Neurons grown in the laboratory

By Hannah Simmons, BSc

Neurons grown in the laboratory provide a new and highly effective tool for the analysis of central nervous system (CNS) disorders.

Photo credit: bettervector / Shutterstock

Animal models (such as rodents) often give results that are not comparable to humans and thus limit the utility of their applications in research. However, these cells are of human origin, hence the development of these neurons grown in laboratory in vitro studies that are more accurate and specific to the human disease.

What are the induced pluripotent stem cells?

] Induced pluripotent stem cells (CIPEs) are a new but important research area, first developed by Shinya Yamanaka, who received a Nobel Prize for his contribution in 2012. These are somatic cells reprogrammed for return to an embryonic state. that they can be differentiated into any type of adult cell.

This area of ​​research is very exciting because these cells could be used to treat many chronic diseases without the ethical concerns of other stem cell treatments. For example, they could be used to develop heart cells to replace those lost in heart disease.
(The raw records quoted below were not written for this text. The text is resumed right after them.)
(* Let $\mathcal{C}$ be an isoclinism class of finite-dimensional Lie superalgebras (over a field of characteristic different from $2,3$). Then every $L\in\mathcal{C}$ can be expressed as a direct sum $L=T\oplus A$, where $T$ is a stem Lie superalgebra and $A$ is a finite-dimensional abelian Lie superalgebra.
   Context: Lie superalgebras: $\mathbb{Z}_2$-graded algebras with graded skew-symmetric bracket satisfying the graded Jacobi identity; homomorphisms are even. $Z(L)$ is the center, $L'=[L,L]$; $L$ is stem if $Z(L)\subseteq L'$; abelian means $[L,L]=0$. Two Lie superalgebras $L,M$ are isoclinic if there are isomorphisms $\varphi:L/Z(L)\to M/Z(M)$, $\theta:L'\to M'$ with $\theta([l,m])=[k,r]$ whenever $k+Z(M)=\varphi(l+Z(L))$, $r+Z(M)=\varphi(m+Z(L))$; isoclinism is an equivalence relation whose classes are the isoclinism classes (families). *)

theory Defs
  imports Complex_Main
begin

text \<open>A Lie superalgebra is modelled on a whole type 'v (an abelian group) with a
scalar multiplication by a field 'k, a Z_2-grading given by two subspaces V0 (even)
and V1 (odd) with 'v = V0 (+) V1 (direct), and a bracket br.\<close>

definition graded_part :: "'v set \<Rightarrow> 'v set \<Rightarrow> nat \<Rightarrow> 'v set" where
  "graded_part V0 V1 i = (if i = 0 then V0 else V1)"

definition lie_superalgebra ::
  "('k::field \<Rightarrow> 'v::ab_group_add \<Rightarrow> 'v) \<Rightarrow> 'v set \<Rightarrow> 'v set \<Rightarrow> ('v \<Rightarrow> 'v \<Rightarrow> 'v) \<Rightarrow> bool" where
  "lie_superalgebra scale V0 V1 br \<longleftrightarrow>
     vector_space scale \<and>
     module.subspace scale V0 \<and> module.subspace scale V1 \<and>
     V0 \<inter> V1 = {0} \<and> (\<forall>v. \<exists>a\<in>V0. \<exists>b\<in>V1. v = a + b) \<and>
     (\<forall>x y z. br (x + y) z = br x z + br y z \<and> br x (y + z) = br x y + br x z) \<and>
     (\<forall>c x y. br (scale c x) y = scale c (br x y) \<and> br x (scale c y) = scale c (br x y)) \<and>
     (\<forall>i\<in>{0,1}. \<forall>j\<in>{0,1}. \<forall>x\<in>graded_part V0 V1 i. \<forall>y\<in>graded_part V0 V1 j.
        br x y \<in> graded_part V0 V1 ((i + j) mod 2) \<and>
        br x y = - scale ((-1) ^ (i * j)) (br y x)) \<and>
     (\<forall>i\<in>{0,1}. \<forall>j\<in>{0,1}. \<forall>k\<in>{0,1}.
        \<forall>x\<in>graded_part V0 V1 i. \<forall>y\<in>graded_part V0 V1 j. \<forall>z\<in>graded_part V0 V1 k.
        scale ((-1) ^ (i * k)) (br x (br y z)) + scale ((-1) ^ (j * i)) (br y (br z x))
          + scale ((-1) ^ (k * j)) (br z (br x y)) = 0)"

definition finite_dimensional ::
  "('k::field \<Rightarrow> 'v::ab_group_add \<Rightarrow> 'v) \<Rightarrow> bool" where
  "finite_dimensional scale \<longleftrightarrow> (\<exists>B. finite B \<and> module.span scale B = UNIV)"

definition graded_ideal ::
  "('k::field \<Rightarrow> 'v::ab_group_add \<Rightarrow> 'v) \<Rightarrow> 'v set \<Rightarrow> 'v set \<Rightarrow> ('v \<Rightarrow> 'v \<Rightarrow> 'v) \<Rightarrow> 'v set \<Rightarrow> bool" where
  "graded_ideal scale V0 V1 br I \<longleftrightarrow>
     module.subspace scale I \<and>
     (\<forall>v\<in>I. \<exists>a\<in>I \<inter> V0. \<exists>b\<in>I \<inter> V1. v = a + b) \<and>
     (\<forall>x y. y \<in> I \<longrightarrow> br x y \<in> I)"

definition center_on :: "('v::ab_group_add \<Rightarrow> 'v \<Rightarrow> 'v) \<Rightarrow> 'v set \<Rightarrow> 'v set" where
  "center_on br S = {x \<in> S. \<forall>y\<in>S. br x y = 0}"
To generate these stem cells, four transcription factors are introduced into fibroblast cells, called Oct3 / 4, Sox2. Klf4 and C-Myc. This brings the differentiated adult cell back to an undifferentiated embryonic state, similar in morphology, proliferation, antigens, epigenetic status of pluripotent cell-specific genes and telomerase activity to ESC

These iPSCs are therefore very similar to embryonic stem cells. (CES), and have shown that they can be induced to develop into muscle, neuronal, epithelial and cardiac cells.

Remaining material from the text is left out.